#### [About this task]
For the entries below, repeat exactly each line starting with the one that contains "by (simp add: dZ_def fps_X_power_mult_nth)" and going on through the one that contains "- fps_X) $ m", and no others.

#### [Dataset excerpts]
####

lemma poly_pderiv_minus:
  fixes p :: "real poly"
  assumes "\<And>t. poly p (-t) = s * poly p t"
  shows "poly (pderiv p) (-t) = - s * poly (pderiv p) t"
proof -
  have "DERIV (\<lambda>t. poly p (-t)) t :> poly (pderiv p) (-t) * (-1)"
    by (rule DERIV_chain2[OF poly_DERIV]) (auto intro!: derivative_eq_intros)
  moreover have "DERIV (\<lambda>t. poly p (-t)) t :> s * poly (pderiv p) t"
    unfolding assms by (auto intro!: derivative_eq_intros)
  ultimately show ?thesis
    using DERIV_unique by fastforce
qed

lemma poly_tan_deriv_poly_minus:
  "poly (tan_deriv_poly j) (-t) = (-1) ^ Suc j * poly (tan_deriv_poly j) t"
proof (induction j arbitrary: t)
  case (Suc j)
  show ?case
    using poly_pderiv_minus[OF Suc.IH, of t] by (simp add: algebra_simps)
qed simp

lemma higher_deriv_tan:
  "x \<in> {-(pi/2)<..<pi/2} \<Longrightarrow> (deriv ^^ j) tan x = poly (tan_deriv_poly j) (tan x)"
proof (induction j arbitrary: x)
  case (Suc j)
  have cos_x: "cos x \<noteq> 0" using cos_gt_zero_pi[of x] Suc.prems by auto
  have "inverse ((cos x)\<^sup>2) = 1 + tan x * tan x"
    using cos_x sin_cos_squared_add[of x] by (simp add: tan_def field_simps power2_eq_square)
  then have "DERIV (\<lambda>y. poly (tan_deriv_poly j) (tan y)) x
      :> poly (tan_deriv_poly (Suc j)) (tan x)"
    using DERIV_chain2[OF poly_DERIV DERIV_tan[OF cos_x]] by (simp add: algebra_simps)
  then have "DERIV ((deriv ^^ j) tan) x :> poly (tan_deriv_poly (Suc j)) (tan x)"
    by (rule has_field_derivative_transform_within_open[where S="{-(pi/2)<..<pi/2}"])
       (use Suc in auto)
  then show ?case by (simp add: DERIV_imp_deriv)
qed simp

lemma higher_deriv_tan_even_zero: "even j \<Longrightarrow> (deriv ^^ j) tan (0::real) = 0"
  using higher_deriv_tan[of 0 j] poly_tan_deriv_poly_minus[of j 0] by simp

lemma fps_compose_uminus_X_nth: "((F :: 'a::comm_ring_1 fps) oo - fps_X) $ j = (-1) ^ j * F $ j"
  by (simp add: fps_compose_uminus')

lemma taylor_fps_reflect_even:
  assumes "\<And>j. odd j \<Longrightarrow> (deriv ^^ j) f 0 = 0"
  shows "taylor_fps f 0 oo - fps_X = taylor_fps f 0"
proof (rule fps_ext)
  show "(taylor_fps f 0 oo - fps_X) $ j = taylor_fps f 0 $ j" for j
    by (cases "even j") (simp_all add: fps_compose_uminus_X_nth taylor_fps_def assms)
qed

lemma taylor_fps_reflect_odd:
  assumes "\<And>j. even j \<Longrightarrow> (deriv ^^ j) f 0 = 0"
  shows "taylor_fps f 0 oo - fps_X = - taylor_fps f 0"
proof (rule fps_ext)
  show "(taylor_fps f 0 oo - fps_X) $ j = (- taylor_fps f 0) $ j" for j
    by (cases "even j") (simp_all add: fps_compose_uminus_X_nth taylor_fps_def assms)
qed

lemma subst_fps_reflect:
  assumes "th $ 0 = 0"
  shows "subst_fps f (- (th oo - fps_X)) = ((taylor_fps f 0 oo - fps_X) oo th) oo - fps_X"
proof -
  have "- (th oo - fps_X) = (- fps_X oo th) oo - fps_X"
    using assms by (simp add: fps_compose_uminus)
  then show ?thesis
    using assms by (simp add: subst_fps_eq_compose fps_compose_assoc)
qed

lemma dZ_nth_0 [simp]: "dZ F $ 0 = 0"
  by (simp add: dZ_def fps_X_power_mult_nth)

lemma dZ_nth_Suc [simp]: "dZ F $ Suc k = - real k * F $ k"
  by (cases k) (simp_all add: dZ_def fps_X_power_mult_nth, simp add: algebra_simps)

lemma dZ_compose_uminus_X: "dZ (F oo - fps_X) = - (dZ F oo - fps_X)"
proof (rule fps_ext)
  show "dZ (F oo - fps_X) $ m = (- (dZ F oo - fps_X)) $ m" for m
    by (cases m) (simp_all add: fps_compose_uminus_X_nth)
qed

lemma formal_solution_iff_nth:
  "formal_solution n R th \<longleftrightarrow>
     tan (th $ 0) = 0 \<and> (real n - 1) * (inverse (cos (th $ 0)) - inverse (R $ 0)) = 0 \<and>
     (\<forall>k. - real k * R $ k = - (subst_fps tan th $ Suc k) + R $ k / 2 \<and>
          - real k * th $ k =
            (real n - 1) * (inverse (subst_fps cos th) $ Suc k - inverse R $ Suc k))"
proof -
  have all_nat: "(\<forall>m. P m) \<longleftrightarrow> P 0 \<and> (\<forall>k. P (Suc k))" for P :: "nat \<Rightarrow> bool"
    by (metis nat.exhaust)
  show ?thesis
    unfolding formal_solution_def fps_eq_iff all_nat[where P = "\<lambda>m. dZ _ $ m = _ $ m"]
    by (auto simp: mult.assoc)
qed

lemma subst_fps_nth_Suc_cutoff:
  "subst_fps f th $ Suc k =
     subst_fps f (fps_cutoff (Suc k) th) $ Suc k + deriv f (th $ 0) * th $ Suc k"
proof -
  have "subst_fps f th $ Suc k - subst_fps f (fps_cutoff (Suc k) th) $ Suc k
      = deriv f (fps_cutoff (Suc k) th $ 0) * (th $ Suc k - fps_cutoff (Suc k) th $ Suc k)"
    by (rule subst_fps_nth_diff) auto
  then show ?thesis by simp
qed

lemma subst_fps_nth_cutoff_if_deriv_zero:
  assumes "deriv f (th $ 0) = 0" "j \<le> Suc k"
  shows "subst_fps f (fps_cutoff (Suc k) th) $ j = subst_fps f th $ j"
proof -
  have "subst_fps f th $ j - subst_fps f (fps_cutoff (Suc k) th) $ j
      = deriv f (fps_cutoff (Suc k) th $ 0) * (th $ j - fps_cutoff (Suc k) th $ j)"
    by (rule subst_fps_nth_diff) (use assms in auto)
  also have "\<dots> = 0"
    using assms by (cases "j = Suc k") auto
  finally show ?thesis by simp
qed

lemma inverse_fps_nth_Suc_cutoff:
  fixes A :: "'a::field fps"
  assumes "A $ 0 \<noteq> 0"
  shows "inverse A $ Suc k = inverse (fps_cutoff (Suc k) A) $ Suc k - A $ Suc k / (A $ 0)\<^sup>2"
proof -
  have "inverse A $ Suc k - inverse (fps_cutoff (Suc k) A) $ Suc k
      = - (A $ Suc k - fps_cutoff (Suc k) A $ Suc k) / (A $ 0)\<^sup>2"
    by (rule fps_inverse_nth_diff) (use assms in auto)
  then show ?thesis by (simp add: diff_eq_eq)
qed

lemma deriv_tan_0: "deriv tan (0::real) = 1"
  by (rule DERIV_imp_deriv) (use DERIV_tan[of 0] in simp)

lemma deriv_cos_0: "deriv cos (0::real) = 0"
  by (rule DERIV_imp_deriv) (use DERIV_cos[of 0] in simp)

definition next_theta_coeff :: "nat \<Rightarrow> real fps \<Rightarrow> real fps \<Rightarrow> real" where
  "next_theta_coeff k R th =
     (real k + 1/2) * R $ k - subst_fps tan (fps_cutoff (Suc k) th) $ Suc k"

definition next_R_coeff :: "nat \<Rightarrow> nat \<Rightarrow> real fps \<Rightarrow> real fps \<Rightarrow> real" where
  "next_R_coeff n k R th =
     inverse (fps_cutoff (Suc k) R) $ Suc k - inverse (subst_fps cos (fps_cutoff (Suc k) th)) $ Suc k
     - real k * th $ k / (real n - 1)"

lemma fps_cutoff_idem [simp]: "fps_cutoff n (fps_cutoff n f) = fps_cutoff n f"
  by (simp add: fps_eq_iff)

lemma next_coeff_cutoff [simp]:
  "next_theta_coeff k (fps_cutoff (Suc k) R) (fps_cutoff (Suc k) th) = next_theta_coeff k R th"
  "next_R_coeff n k (fps_cutoff (Suc k) R) (fps_cutoff (Suc k) th) = next_R_coeff n k R th"
  by (simp_all add: next_theta_coeff_def next_R_coeff_def)

lemma formal_solution_iff_recursion:
  assumes n: "n \<ge> 2" and th0: "th $ 0 = 0" and R0: "R $ 0 = 1"
  shows "formal_solution n R th \<longleftrightarrow>
    (\<forall>k. th $ Suc k = next_theta_coeff k R th \<and> R $ Suc k = next_R_coeff n k R th)"
proof -
  have "(- real k * R $ k = - (subst_fps tan th $ Suc k) + R $ k / 2 \<and>
         - real k * th $ k = (real n - 1) * (inverse (subst_fps cos th) $ Suc k - inverse R $ Suc k))
    \<longleftrightarrow> th $ Suc k = next_theta_coeff k R th \<and> R $ Suc k = next_R_coeff n k R th" for k
  proof -
    have tan_nth:
      "subst_fps tan th $ Suc k = subst_fps tan (fps_cutoff (Suc k) th) $ Suc k + th $ Suc k"
      using subst_fps_nth_Suc_cutoff[of tan th k] th0 deriv_tan_0 by simp
    have "\<forall>j<Suc (Suc k). subst_fps cos th $ j = subst_fps cos (fps_cutoff (Suc k) th) $ j"
      using subst_fps_nth_cutoff_if_deriv_zero[of cos th] th0 deriv_cos_0 by simp
    then have cos_nth: "inverse (subst_fps cos th) $ Suc k
        = inverse (subst_fps cos (fps_cutoff (Suc k) th)) $ Suc k"
      using fps_inverse_nth_diff[of "subst_fps cos th" "Suc k" "subst_fps cos (fps_cutoff (Suc k) th)"]
        th0 by simp
    have inv_nth: "inverse R $ Suc k = inverse (fps_cutoff (Suc k) R) $ Suc k - R $ Suc k"
      using inverse_fps_nth_Suc_cutoff[of R k] R0 by simp
    have "- real k * R $ k = - (T + th $ Suc k) + R $ k / 2 \<longleftrightarrow>
        th $ Suc k = (real k + 1/2) * R $ k - T" for T
      by (auto simp: algebra_simps)
    moreover have "- real k * th $ k = (real n - 1) * (C - (I - R $ Suc k)) \<longleftrightarrow>
        R $ Suc k = I - C - real k * th $ k / (real n - 1)" for C I
      using n by (auto simp: field_simps)
    ultimately show ?thesis
      unfolding next_theta_coeff_def next_R_coeff_def by (simp only: tan_nth cos_nth inv_nth)
  qed
  then show ?thesis
    by (simp add: formal_solution_iff_nth th0 R0)
qed

lemma admissible_formal_solution_iff_recursion:
  assumes "n \<ge> 2"
  shows "admissible_formal_solution n R th \<longleftrightarrow> th $ 0 = 0 \<and> R $ 0 = 1 \<and>
    (\<forall>k. th $ Suc k = next_theta_coeff k R th \<and> R $ Suc k = next_R_coeff n k R th)"
proof
  assume adm: "admissible_formal_solution n R th"
  then have "tan (th $ 0) = 0" "- (pi/2) < th $ 0" "th $ 0 < pi/2"
    by (auto simp: admissible_formal_solution_def formal_solution_iff_nth)
  then have th0: "th $ 0 = 0"
    by (metis arctan_tan arctan_zero_zero)
  have "(real n - 1) * (1 - inverse (R $ 0)) = 0"
    using adm th0 by (simp add: admissible_formal_solution_def formal_solution_iff_nth)
  then have R0: "R $ 0 = 1"
    using assms by simp
  show "th $ 0 = 0 \<and> R $ 0 = 1 \<and>
    (\<forall>k. th $ Suc k = next_theta_coeff k R th \<and> R $ Suc k = next_R_coeff n k R th)"
    using adm assms th0 R0 by (simp add: admissible_formal_solution_def formal_solution_iff_recursion)
qed (use assms in \<open>simp add: admissible_formal_solution_def formal_solution_iff_recursion\<close>)

lemma admissible_formal_solution_unique:
  assumes n: "n \<ge> 2"
    and sol: "admissible_formal_solution n R th" and sol': "admissible_formal_solution n R' th'"
  shows "R = R' \<and> th = th'"
proof -
  note rec = sol[unfolded admissible_formal_solution_iff_recursion[OF n]]
    and rec' = sol'[unfolded admissible_formal_solution_iff_recursion[OF n]]
  have "R $ j = R' $ j \<and> th $ j = th' $ j" for j
  proof (induction j rule: less_induct)
    case (less j)
    show ?case
    proof (cases j)
      case (Suc k)
      with less have "fps_cutoff (Suc k) R = fps_cutoff (Suc k) R'"
        "fps_cutoff (Suc k) th = fps_cutoff (Suc k) th'"
        by (auto simp: fps_cutoff_eq_fps_cutoff_iff)
      then have "next_theta_coeff k R th = next_theta_coeff k R' th'"
        "next_R_coeff n k R th = next_R_coeff n k R' th'"
        by (metis next_coeff_cutoff(1), metis next_coeff_cutoff(2))
      then show ?thesis
        using rec rec' Suc by simp
    qed (use rec rec' in simp)
  qed
  then show ?thesis
    by (simp add: fps_eq_iff)
qed

primrec truncated_solution :: "nat \<Rightarrow> nat \<Rightarrow> real fps \<times> real fps" where
  "truncated_solution n 0 = (1, 0)"
| "truncated_solution n (Suc k) =
    (let (R, th) = truncated_solution n k
     in (R + fps_const (next_R_coeff n k R th) * fps_X ^ Suc k,
         th + fps_const (next_theta_coeff k R th) * fps_X ^ Suc k))"

definition solution_R :: "nat \<Rightarrow> real fps" where
  "solution_R n = Abs_fps (\<lambda>i. fst (truncated_solution n i) $ i)"

definition solution_theta :: "nat \<Rightarrow> real fps" where
  "solution_theta n = Abs_fps (\<lambda>i. snd (truncated_solution n i) $ i)"

lemma truncated_solution_Suc_nth:
  fixes n k :: nat
  defines "T \<equiv> truncated_solution n k"
  shows "fst (truncated_solution n (Suc k)) $ i =
           fst T $ i + (if i = Suc k then next_R_coeff n k (fst T) (snd T) else 0)"
    and "snd (truncated_solution n (Suc k)) $ i =
           snd T $ i + (if i = Suc k then next_theta_coeff k (fst T) (snd T) else 0)"
  by (auto simp: T_def split_beta Let_def)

####

#### [Output of the task]
  by (simp add: dZ_def fps_X_power_mult_nth)

lemma dZ_nth_Suc [simp]: "dZ F $ Suc k = - real k * F $ k"
  by (cases k) (simp_all add: dZ_def fps_X_power_mult_nth, simp add: algebra_simps)

lemma dZ_compose_uminus_X: "dZ (F oo - fps_X) = - (dZ F oo - fps_X)"
proof (rule fps_ext)
  show "dZ (F oo - fps_X) $ m = (- (dZ F oo - fps_X)) $ m" for m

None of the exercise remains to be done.